Galeries de portraits de la jet set newyorkaise. Première scène : Russell, éditeur de renom, et sa femme Corinne, mère au foyer, la quarantaine tous les deux, organisent un dîner dans leur appartement (un loft à Tribeca), non loin de ce qui va devenir Ground Zero le lendemain même. Invité d’honneur du dîner : Salman Rushdie, qui se décommandera. Dans ce milieu très upper-class de New York, les mondanités vont leur petit chemin et tous collaborent à cette apparente unification. La préparation de cette soirée, Russell à la cuisine, Corinne avec les enfants, permet de mesurer les liens et la distance instaurés dans le couple, ainsi que leurs aspirations individuelles au niveau du travail et de la vie en général (enfants, parents, famille, amis). Vivant la routine d’un couple en vue avec des enfants en bas âge, Corinne cherche à s’épanouir différemment (elle tente d’écrire un scénario à partir d’un roman de Graham Green).

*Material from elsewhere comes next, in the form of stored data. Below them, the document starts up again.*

lemma total_degree_add: "total_degree (\<alpha> + \<beta>) = total_degree \<alpha> + total_degree \<beta>"
proof -
  let ?S = "Poly_Mapping.keys \<alpha> \<union> Poly_Mapping.keys \<beta>"
  have "total_degree (\<alpha> + \<beta>) = (\<Sum>k\<in>?S. Poly_Mapping.lookup (\<alpha> + \<beta>) k)"
    using keys_add[of \<alpha> \<beta>] by (intro total_degree_eq_sum) auto
  also have "\<dots> = (\<Sum>k\<in>?S. Poly_Mapping.lookup \<alpha> k) + (\<Sum>k\<in>?S. Poly_Mapping.lookup \<beta> k)"
    by (simp add: lookup_add sum.distrib)
  also have "\<dots> = total_degree \<alpha> + total_degree \<beta>"
    using total_degree_eq_sum[of ?S \<alpha>] total_degree_eq_sum[of ?S \<beta>] by simp
  finally show ?thesis .
qed

lemma total_degree_eps [simp]: "total_degree (eps k) = 1"
  by (simp add: total_degree_def eps_def)

lemma minus_eps_plus_eps:
  assumes "1 \<le> Poly_Mapping.lookup \<alpha> k"
  shows "\<alpha> - eps k + eps k = \<alpha>"
proof (rule poly_mapping_eqI)
  fix j
  show "Poly_Mapping.lookup (\<alpha> - eps k + eps k) j = Poly_Mapping.lookup \<alpha> j"
    using assms by (cases "j = k") (simp_all add: lookup_add lookup_minus eps_def lookup_single)
qed

lemma total_degree_minus_eps_less:
  assumes "1 \<le> Poly_Mapping.lookup \<alpha> k"
  shows "total_degree (\<alpha> - eps k) < total_degree \<alpha>"
  using total_degree_add[of "\<alpha> - eps k" "eps k"] by (simp add: minus_eps_plus_eps[OF assms])

lemma mindex_induct:
  assumes "\<And>\<alpha>. (\<And>k. 1 \<le> Poly_Mapping.lookup \<alpha> k \<Longrightarrow> P (\<alpha> - eps k)) \<Longrightarrow> P \<alpha>"
  shows "P \<alpha>"
proof (induction "total_degree \<alpha>" arbitrary: \<alpha> rule: less_induct)
  case less
  show ?case
  proof (rule assms)
    fix k
    assume "1 \<le> Poly_Mapping.lookup \<alpha> k"
    then show "P (\<alpha> - eps k)"
      by (rule less[OF total_degree_minus_eps_less])
  qed
qed

function solution_coeff ::
  "real \<Rightarrow> 'v measure \<Rightarrow> (nat \<Rightarrow> real \<times> 'v \<Rightarrow> real) \<Rightarrow> (real \<times> 'v \<Rightarrow> real)
     \<Rightarrow> (mindex \<Rightarrow> real) \<Rightarrow> (mindex \<Rightarrow> real \<times> 'v \<Rightarrow> real) \<Rightarrow> mindex \<Rightarrow> real \<Rightarrow> real" where
  "solution_coeff T \<pi> m G w f \<alpha> t = w \<alpha> +
     (\<Sum>k\<in>{k. 1 \<le> Poly_Mapping.lookup \<alpha> k}.
        int_tV T \<pi> t (\<lambda>x. (solution_coeff T \<pi> m G w f (\<alpha> - eps k) (fst x) * G x
                             + f (\<alpha> - eps k) x) * m k x))"
  by pat_completeness auto
termination
  by (relation "Wellfounded.measure (\<lambda>(T, \<pi>, m, G, w, f, \<alpha>, t). total_degree \<alpha>)")
     (auto intro: total_degree_minus_eps_less)

declare solution_coeff.simps [simp del]

lemma solution_coeff_eq_diamond_int:
  "solution_coeff T \<pi> m G w f \<beta> t =
     w \<beta> + diamond_int T \<pi> m (\<lambda>\<alpha> x. solution_coeff T \<pi> m G w f \<alpha> (fst x) * G x + f \<alpha> x) t \<beta>"
  by (subst solution_coeff.simps) (simp add: diamond_int_def)

lemma L2_mult_continuous_time:
  fixes u :: "real \<Rightarrow> real"
  assumes u: "continuous_on {0..T} u" and g: "g \<in> L2 (U_measure T \<pi>)"
  shows "(\<lambda>x. u (fst x) * g x) \<in> L2 (U_measure T \<pi>)"
proof -
  obtain B where "\<forall>y\<in>u ` {0..T}. norm y \<le> B"
    using compact_imp_bounded[OF compact_continuous_image[OF u compact_Icc]]
    unfolding bounded_iff by blast
  then have B: "\<bar>u r\<bar> \<le> B" if "r \<in> {0..T}" for r
    using that by auto
  have "u \<in> borel_measurable (restrict_space lborel {0..T})"
    using borel_measurable_continuous_on_restrict[OF u]
    by (simp add: measurable_def sets_restrict_space space_restrict_space)
  then have "(\<lambda>x. u (fst x)) \<in> borel_measurable (U_measure T \<pi>)"
    unfolding U_measure_def by (rule measurable_compose[OF measurable_fst])
  moreover have "\<bar>u (fst x)\<bar> \<le> B" if "x \<in> space (U_measure T \<pi>)" for x
    using that B by (auto simp: U_measure_def space_pair_measure)
  ultimately show ?thesis
    using g by (rule L2_mult_bounded)
qed

lemma integrable_coeff_integrand:
  fixes u :: "real \<Rightarrow> real"
  assumes "continuous_on {0..T} u" and "G \<in> L2 (U_measure T \<pi>)"
    and "c \<in> L2 (U_measure T \<pi>)" and "d \<in> L2 (U_measure T \<pi>)"
  shows "integrable (U_measure T \<pi>) (\<lambda>x. (u (fst x) * G x + c x) * d x)"
  using assms by (intro integrable_mult_L2 L2_add L2_mult_continuous_time)

lemma continuous_on_solution_coeff:
  assumes sf: "sigma_finite_measure \<pi>" and m: "\<And>k. m k \<in> L2 (U_measure T \<pi>)"
    and G: "G \<in> L2 (U_measure T \<pi>)" and f: "\<And>\<alpha>. f \<alpha> \<in> L2 (U_measure T \<pi>)"
  shows "continuous_on {0..T} (solution_coeff T \<pi> m G w f \<alpha>)"
proof (induction \<alpha> rule: mindex_induct)
  case (1 \<alpha>)
  have "continuous_on {0..T} (\<lambda>t. int_tV T \<pi> t
          (\<lambda>x. (solution_coeff T \<pi> m G w f (\<alpha> - eps k) (fst x) * G x + f (\<alpha> - eps k) x) * m k x))"
    if "1 \<le> Poly_Mapping.lookup \<alpha> k" for k
    using sf integrable_coeff_integrand[OF 1[OF that] G f m] by (rule continuous_on_int_tV)
  then show ?case
    by (subst continuous_on_cong[OF refl solution_coeff.simps])
       (intro continuous_on_add continuous_on_const continuous_on_sum, auto)
qed

lemma is_solution_solution_coeff:
  assumes "sigma_finite_measure \<pi>" and "\<And>k. m k \<in> L2 (U_measure T \<pi>)"
    and "G \<in> L2 (U_measure T \<pi>)" and "\<And>\<alpha>. f \<alpha> \<in> L2 (U_measure T \<pi>)"
  shows "is_solution T \<pi> m G w f (solution_coeff T \<pi> m G w f)"
  unfolding is_solution_def
proof (intro conjI allI ballI)
  show "continuous_on {0..T} (solution_coeff T \<pi> m G w f \<alpha>)" for \<alpha>
    using assms by (rule continuous_on_solution_coeff)
qed (rule solution_coeff_eq_diamond_int)

lemma diamond_int_cong:
  assumes "\<And>k x. 1 \<le> Poly_Mapping.lookup \<beta> k \<Longrightarrow> x \<in> {0..t} \<times> space \<pi> \<Longrightarrow>
             h (\<beta> - eps k) x = h' (\<beta> - eps k) x"
  shows "diamond_int T \<pi> m h t \<beta> = diamond_int T \<pi> m h' t \<beta>"
  unfolding diamond_int_def int_tV_def set_lebesgue_integral_def
  using assms by (intro sum.cong refl Bochner_Integration.integral_cong) (auto simp: indicator_def)

lemma is_solution_unique:
  assumes u: "is_solution T \<pi> m G w f u" and u': "is_solution T \<pi> m G w f u'"
    and "t \<in> {0..T}"
  shows "u \<alpha> t = u' \<alpha> t"
  using \<open>t \<in> {0..T}\<close>
proof (induction \<alpha> arbitrary: t rule: mindex_induct)
  case (1 \<alpha>)
  have "diamond_int T \<pi> m (\<lambda>\<alpha> x. u \<alpha> (fst x) * G x + f \<alpha> x) t \<alpha>
      = diamond_int T \<pi> m (\<lambda>\<alpha> x. u' \<alpha> (fst x) * G x + f \<alpha> x) t \<alpha>"
    using 1 by (intro diamond_int_cong) auto
  with u u' \<open>t \<in> {0..T}\<close> show ?case
    unfolding is_solution_def by simp
qed

theorem lemma2:
  fixes T :: real and \<pi> :: "'v measure"
    and m :: "nat \<Rightarrow> real \<times> 'v \<Rightarrow> real"
    and G :: "real \<times> 'v \<Rightarrow> real"
    and w :: "mindex \<Rightarrow> real"
    and f :: "mindex \<Rightarrow> real \<times> 'v \<Rightarrow> real"
  assumes "0 < T"
    and "sigma_finite_measure \<pi>"
    and "complete_ONS (U_measure T \<pi>) m"
    and "G \<in> L2 (U_measure T \<pi>)"
    and "\<forall>\<alpha>. f \<alpha> \<in> L2 (U_measure T \<pi>)"
  shows "\<exists>u. is_solution T \<pi> m G w f u
           \<and> (\<forall>u'. is_solution T \<pi> m G w f u' \<longrightarrow> (\<forall>\<alpha>. \<forall>t\<in>{0..T}. u' \<alpha> t = u \<alpha> t))
           \<and> (\<forall>t\<in>{0..T}. u 0 t = w 0)
           \<and> (\<forall>\<alpha>. \<alpha> \<noteq> 0 \<longrightarrow> (\<forall>t\<in>{0..T}. u \<alpha> t = w \<alpha> +
                (\<Sum>k\<in>{k. Poly_Mapping.lookup \<alpha> k \<ge> 1}.
                   set_lebesgue_integral (U_measure T \<pi>) ({0..t} \<times> space \<pi>)
                     (\<lambda>(r,v). (u (\<alpha> - eps k) r * G (r,v) + f (\<alpha> - eps k) (r,v)) * m k (r,v)))))"
proof -
  let ?u = "solution_coeff T \<pi> m G w f"
  have "m k \<in> L2 (U_measure T \<pi>)" for k
    using assms(3) by (simp add: complete_ONS_def)
  with assms(2,4,5) have sol: "is_solution T \<pi> m G w f ?u"
    by (intro is_solution_solution_coeff) auto
  show ?thesis
  proof (intro exI[of _ ?u] conjI allI impI ballI sol)
    show "u' \<alpha> t = ?u \<alpha> t" if "is_solution T \<pi> m G w f u'" and "t \<in> {0..T}" for u' \<alpha> t
      using is_solution_unique[OF that(1) sol that(2)] .
    show "?u 0 t = w 0" for t
      by (subst solution_coeff.simps) simp
    show "?u \<alpha> t = w \<alpha> + (\<Sum>k\<in>{k. Poly_Mapping.lookup \<alpha> k \<ge> 1}.
            set_lebesgue_integral (U_measure T \<pi>) ({0..t} \<times> space \<pi>)
              (\<lambda>(r,v). (?u (\<alpha> - eps k) r * G (r,v) + f (\<alpha> - eps k) (r,v)) * m k (r,v)))" for \<alpha> t
      by (subst solution_coeff.simps) (simp add: int_tV_def case_prod_unfold)
  qed
qed

end
lemma construction_q_dense:
  assumes "construction g P \<rho> L q" "k \<ge> 1" "x \<in> P k - L k" "\<epsilon> > 0"
  shows "\<exists>n\<ge>1. \<rho> k x (q k n) < \<epsilon>"
proof -
  have "\<forall>x\<in>P k - L k. \<forall>\<epsilon>>0. \<exists>n\<ge>1. \<rho> k x (q k n) < \<epsilon>"
    using assms(1) unfolding construction_def
    by (elim conjE) (drule spec[where x=k], drule mp[OF _ assms(2)], elim conjE, assumption)
  then show ?thesis
    using assms(3,4) by blast
qed

lemma construction_rho_same_arc:
  assumes "construction g P \<rho> L q" "k \<ge> 1" "n \<ge> 1" "y1 \<in> {0..rad k n}" "y2 \<in> {0..rad k n}"
  shows "\<rho> (Suc k) (q k n @ [y1]) (q k n @ [y2]) = theta_r g (rad k n) y1 y2"
proof -
  have "\<forall>n\<ge>1. \<forall>m\<ge>1. \<forall>y1\<in>{0..rad k n}. \<forall>y2\<in>{0..rad k m}.
           \<rho> (Suc k) (q k n @ [y1]) (q k m @ [y2]) =
             (if n = m then theta_r g (rad k n) y1 y2
              else theta_r g (rad k n) y1 0 + \<rho> k (q k n) (q k m) + theta_r g (rad k m) 0 y2)"
    using assms(1) unfolding construction_def
    by (elim conjE) (drule spec[where x=k], drule mp[OF _ assms(2)], elim conjE, assumption)
  then show ?thesis
    using assms(3-5) by (metis (full_types))
qed
lemma has_real_derivative_besselJ_sin:
  fixes \<alpha> \<gamma> \<tau> :: real
  assumes "\<gamma> \<noteq> 0"
  defines "z \<equiv> \<lambda>\<tau>. 4 * \<alpha> / \<gamma> * sin (\<gamma> * \<tau> / 2)"
  shows "((\<lambda>\<tau>. besselJ k (z \<tau>)) has_real_derivative
           \<alpha> * cos (\<gamma> * \<tau> / 2) * (besselJ (k - 1) (z \<tau>) - besselJ (k + 1) (z \<tau>))) (at \<tau>)"
proof -
  have "(z has_real_derivative 4 * \<alpha> / \<gamma> * (cos (\<gamma> * \<tau> / 2) * (\<gamma> / 2))) (at \<tau>)"
    unfolding z_def by (auto intro!: derivative_eq_intros)
  from DERIV_chain2[OF has_real_derivative_besselJ this] show ?thesis
    by (rule DERIV_cong) (use assms(1) in \<open>simp add: field_simps\<close>)
qed

lemma besselJ_sin_recurrence:
  fixes \<alpha> \<gamma> \<tau> :: real
  assumes "\<gamma> \<noteq> 0"
  defines "z \<equiv> 4 * \<alpha> / \<gamma> * sin (\<gamma> * \<tau> / 2)"
  shows "\<alpha> * sin (\<gamma> * \<tau> / 2) * (besselJ (k - 1) z + besselJ (k + 1) z) = \<gamma> / 2 * of_int k * besselJ k z"
proof -
  have "\<alpha> * sin (\<gamma> * \<tau> / 2) * (besselJ (k - 1) z + besselJ (k + 1) z)
      = \<gamma> / 4 * (z * (besselJ (k - 1) z + besselJ (k + 1) z))"
    using assms by simp
  also have "\<dots> = \<gamma> / 2 * of_int k * besselJ k z"
    by (simp add: besselJ_recurrence)
  finally show ?thesis .
qed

Chez ce couple privilégié aux valeurs conventionnelles, peu tourné sur le monde et apparemment confiant dans la permanence des valeurs occidentales et américaines, le simulacre d’une vie remplie et heureuse semble validé par un quotidien épanoui entre professionnels en vue et amis branchés.
On ne saura rien des attentats. Le récit reprend au lendemain du cataclysme. Corinne se porte volontaire pour aider à distribuer de la nourriture via une minuscule cantine installée dans l’urgence, près de Ground Zero. C’est là, dans cet endroit inusité, carrefour symbolique de la solidarité américaine toutes classes confondues, qu’elle va rencontrer un rescapé des attentats, Luke, star sur le retour de Wall Street dont les valeurs déjà mises à mal par une relative lucidité sur la finalité de son métier peinent à se maintenir telles quelles dans sa conscience. Sa femme le trompe, sa fille vit sa vie loin de lui et sa récente disponibilité le laisse amer et déconcerté.
Peu à peu une certaine compréhension réciproque va rapprocher Corinne et Luke jusqu’à ce qu’une idylle (prévisible) s’ébauche entre eux. Par delà la culpabilité, l’amour et l’excitation d’une passion amoureuse transgressive déportent Luke et Corinne loin de Ground Zero, leur découvrant une vulnérabilité qu’ils ne se pensaient ni l’un ni l’autre capable d’atteindre. Nous suivons le développement et les impacts de cette liaison jusqu’à la fin du livre qui se termine en un point de suspension interrogateur sur l’avenir de cette passion.
À noter : quelques descriptions acerbes du monde de l’édition, de ses mondanités, des restaurants branchés face à la réalité plus terne de la cantine où pompiers, policiers et sauveteurs divers se partagent la nourriture de la ville. Tous les personnages branchés semblent vivre une culpabilité qui les brûle, une crainte ou une indifférence anxieuse face à ces autres qui peuvent envahir à tout moment la Tour d’ivoire à laquelle se réduit leur monde. Les attentats ont existé, leur vie quotidienne est perturbée, leurs relations intimes se transforment inexorablement, mais il n’est pas certain que les attentats aient finalement un pouvoir de mutation radicale qui pourrait les emporter vers des promesses plus tangibles de liberté.
La vie de chacun des protagonistes est faite d’une substance quasi impavide dont même le couple amoureux au centre du roman n’arrive pas à se défaire. Il leur faudrait se pencher sur les expressions mélancoliques de leur vie et avoir l’envie de changer, ce qui n’est pas certain. Leur passion bute sur un mélange de codes et d’habitudes fortement imbriqués et l’aventure amoureuse semble seulement être à même de reproduire un vague désir adolescent d’absolu mais non d’innover vers un amour passion irréversible, vers une sensibilité nouvelle qui pourrait subvertir le réel perturbant, vers … un grain de folie loin de la culpabilité, loin de la vulnérabilité comme de la culpabilité…
Par-delà les ruines gigantesques qui veillent non loin, la passion mélange plutôt les partenaires dans une sensibilité qu’elle réduit presque au théâtral, mais sans supprimer les critères de reconnaissance codés et surfaits qui les anime, cette fausse solidarité cultivée pour des motifs plus secrets et individuels.
Dans le tourbillon des réactions qui ont suivi le 11 septembre 2001, ce sont les fêlures, l’unité précaire qui s’écroulent mais il n’est pas dit, du moins dans ce livre, que les blessures permettent d’apercevoir autrement que fugitivement un visage nouveau.